Activity: Report all lines from the entries below in which "definition" appears.

** Opening Records provided block **

(* Let $n\geq 0$, let $\{b^n_j\}_{j=0}^n$ be a basis of the space of real univariate polynomials of degree at most $n$, and let $\mathbf{x}\in\mathbb{R}^{n+1}$ with $\mathbf{x}_0<\dots<\mathbf{x}_n$. Let $v$ and $w$ be polynomials of degree $n+1$ such that $v(\mathbf{x}_i)=0$, $v'(\mathbf{x}_i)\neq 0$ and $w(\mathbf{x}_i)\neq 0$ for each $0\le i\le n$. Then $V^n(\mathbf{x})$ is invertible and $$(V^n(\mathbf{x}))^{-1}=\mathrm{Bez}(v,w)\,(V^n(\mathbf{x}))^T\,\mathrm{diag}\!\left(\frac{1}{v'(\mathbf{x}_j)w(\mathbf{x}_j)}\right)_{j=0}^n.$$
   Context: The Vandermonde matrix $V^n(\mathbf{x})$ is the $(n+1)\times(n+1)$ matrix with entries $V^n_{ij}(\mathbf{x})=b^n_j(\mathbf{x}_i)$. For polynomials $v,w$ of degree at most $n+1$, the Bézout matrix $\mathrm{Bez}(v,w)$ is the unique $(n+1)\times(n+1)$ matrix satisfying $$\frac{v(s)w(t)-v(t)w(s)}{s-t}=\sum_{i,j=0}^n \mathrm{Bez}_{ij}(v,w)\,b^n_i(s)\,b^n_j(t).$$ *)

theory Defs
  imports "HOL-Computational_Algebra.Polynomial" "Jordan_Normal_Form.Matrix"
begin

definition is_poly_basis :: "nat \<Rightarrow> (nat \<Rightarrow> real poly) \<Rightarrow> bool" where
  "is_poly_basis n b \<longleftrightarrow>
     (\<forall>j\<le>n. degree (b j) \<le> n) \<and>
     (\<forall>p. degree p \<le> n \<longrightarrow> (\<exists>c. p = (\<Sum>j\<le>n. Polynomial.smult (c j) (b j)))) \<and>
     (\<forall>c. (\<Sum>j\<le>n. Polynomial.smult (c j) (b j)) = 0 \<longrightarrow> (\<forall>j\<le>n. c j = 0))"

definition vandermonde :: "nat \<Rightarrow> (nat \<Rightarrow> real poly) \<Rightarrow> (nat \<Rightarrow> real) \<Rightarrow> real mat" where
  "vandermonde n b x = mat (n+1) (n+1) (\<lambda>(i,j). poly (b j) (x i))"

definition bezout :: "nat \<Rightarrow> (nat \<Rightarrow> real poly) \<Rightarrow> real poly \<Rightarrow> real poly \<Rightarrow> real mat" where
  "bezout n b v w = (THE M. M \<in> carrier_mat (n+1) (n+1) \<and>
     (\<forall>s t. s \<noteq> t \<longrightarrow>
        (poly v s * poly w t - poly v t * poly w s) / (s - t) =
        (\<Sum>i\<le>n. \<Sum>j\<le>n. M $$ (i,j) * poly (b i) s * poly (b j) t)))"

end

theory Submission
  imports Defs "Jordan_Normal_Form.Determinant"
begin

(*
  Write c k = v'(x k) w(x k) and let L k be the Lagrange basis at the nodes x 0, ..., x n.
  Since v = lead_coeff v * prod (X - x m), one has v(t) = v'(x k) L k(t) (t - x k). Hence, for t
  not a node, v(s) w(t) - v(t) w(s) and (s - t) * sum c k L k(s) L k(t) are polynomials in s of
  degree at most n + 1 that agree at t and at the n + 1 nodes, so they coincide; symmetry and
  the vanishing of v at the nodes extend this to all s \<noteq> t. Expanding each L k in the basis b
  identifies the Bezout matrix, and evaluating the kernel at pairs of nodes gives
  V * Bez(v,w) * V^T = diag(c k), from which the inverse formula is immediate.
*)

lemma inj_on_atMost_if_Suc_less:
  fixes x :: "nat \<Rightarrow> 'a::linorder"
  assumes "\<And>i. i < n \<Longrightarrow> x i < x (Suc i)"
  shows "inj_on x {..n}"
proof (rule strict_mono_on_imp_inj_on)
  show "strict_mono_on {..n} x"
    by (rule strict_mono_onI, rule lift_Suc_mono_less_ivl[where N = "{..<n}"]) (use assms in auto)
qed

definition lagrange_basis :: "nat \<Rightarrow> (nat \<Rightarrow> 'a::field) \<Rightarrow> nat \<Rightarrow> 'a poly" where
  "lagrange_basis n x k =
     Polynomial.smult (inverse (\<Prod>m\<in>{..n}-{k}. x k - x m)) (\<Prod>m\<in>{..n}-{k}. [:- x m, 1:])"

lemma poly_lagrange_basis_node:
  assumes "inj_on x {..n}" "k \<le> n" "m \<le> n"
  shows "poly (lagrange_basis n x k) (x m) = (if m = k then 1 else 0)"
proof -
  have "(\<Prod>j\<in>{..n}-{k}. x k - x j) \<noteq> 0"
    using assms(1,2) by (auto simp: inj_on_def)
  then show ?thesis
    using assms by (auto simp: lagrange_basis_def poly_prod prod_zero_iff)
qed

lemma degree_lagrange_basis:
  assumes "k \<le> n"
  shows "degree (lagrange_basis n x k) \<le> n"
proof -
  have "degree (\<Prod>m\<in>{..n}-{k}. [:- x m, 1:]) \<le> sum (degree \<circ> (\<lambda>m. [:- x m, 1:])) ({..n}-{k})"
    by (rule degree_prod_sum_le) simp
  also have "\<dots> = n" using assms by simp
  finally show ?thesis by (simp add: lagrange_basis_def)
qed

lemma eq_smult_lead_coeff_prod_roots:
  fixes v :: "'a::field poly"
  assumes "inj_on x {..n}" "degree v = n + 1" "\<And>i. i \<le> n \<Longrightarrow> poly v (x i) = 0"
  shows "v = Polynomial.smult (lead_coeff v) (\<Prod>m\<le>n. [:- x m, 1:])"
proof (rule poly_eqI_degree_lead_coeff[of _ "n + 1" _ "x ` {..n}"])
  have "degree (\<Prod>m\<le>n. [:- x m, 1:]) = n + 1"
    by (subst degree_prod_eq_sum_degree) auto
  moreover have "lead_coeff (\<Prod>m\<le>n. [:- x m, 1:]) = 1"
    by (simp add: lead_coeff_prod)
  ultimately show "poly.coeff v (n + 1) = poly.coeff (Polynomial.smult (lead_coeff v) (\<Prod>m\<le>n. [:- x m, 1:])) (n + 1)"
    and "degree (Polynomial.smult (lead_coeff v) (\<Prod>m\<le>n. [:- x m, 1:])) \<le> n + 1"
    using assms(2) by simp_all
  show "n + 1 \<le> card (x ` {..n})" using card_image[OF assms(1)] by simp
qed (use assms in \<open>auto simp: poly_prod\<close>)

lemma poly_eq_pderiv_lagrange_basis:
  fixes v :: "'a::field poly"
  assumes "inj_on x {..n}" "degree v = n + 1" "\<And>i. i \<le> n \<Longrightarrow> poly v (x i) = 0" "k \<le> n"
  shows "poly v t = poly (pderiv v) (x k) * poly (lagrange_basis n x k) t * (t - x k)"
proof -
  define R where "R = (\<Prod>m\<in>{..n}-{k}. [:- x m, 1:])"
  have R_node: "poly R (x k) = (\<Prod>m\<in>{..n}-{k}. x k - x m)"
    by (simp add: R_def poly_prod)
  have R_node_nz: "poly R (x k) \<noteq> 0"
    using assms(1,4) by (auto simp: R_node inj_on_def)
  have "(\<Prod>m\<le>n. [:- x m, 1:]) = [:- x k, 1:] * R"
    unfolding R_def using assms(4) by (subst prod.remove[of _ k]) auto
  then have v_eq: "v = Polynomial.smult (lead_coeff v) ([:- x k, 1:] * R)"
    using eq_smult_lead_coeff_prod_roots[OF assms(1-3)] by simp
  have "pderiv ([:- x k, 1:] * R) = [:- x k, 1:] * pderiv R + R"
    by (subst pderiv_mult) (simp add: pderiv_pCons)
  then have "poly (pderiv v) (x k) = lead_coeff v * poly R (x k)"
    by (subst v_eq) (simp add: pderiv_smult)
  moreover have "poly v t = lead_coeff v * (t - x k) * poly R t"
    by (subst v_eq) (simp add: algebra_simps)
  ultimately show ?thesis
    using R_node_nz by (simp add: lagrange_basis_def R_def[symmetric] R_node[symmetric])
qed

** Closing Records provided block **

Answer to this exercise:
definition is_poly_basis :: "nat \<Rightarrow> (nat \<Rightarrow> real poly) \<Rightarrow> bool" where
definition vandermonde :: "nat \<Rightarrow> (nat \<Rightarrow> real poly) \<Rightarrow> (nat \<Rightarrow> real) \<Rightarrow> real mat" where
definition bezout :: "nat \<Rightarrow> (nat \<Rightarrow> real poly) \<Rightarrow> real poly \<Rightarrow> real poly \<Rightarrow> real mat" where
definition lagrange_basis :: "nat \<Rightarrow> (nat \<Rightarrow> 'a::field) \<Rightarrow> nat \<Rightarrow> 'a poly" where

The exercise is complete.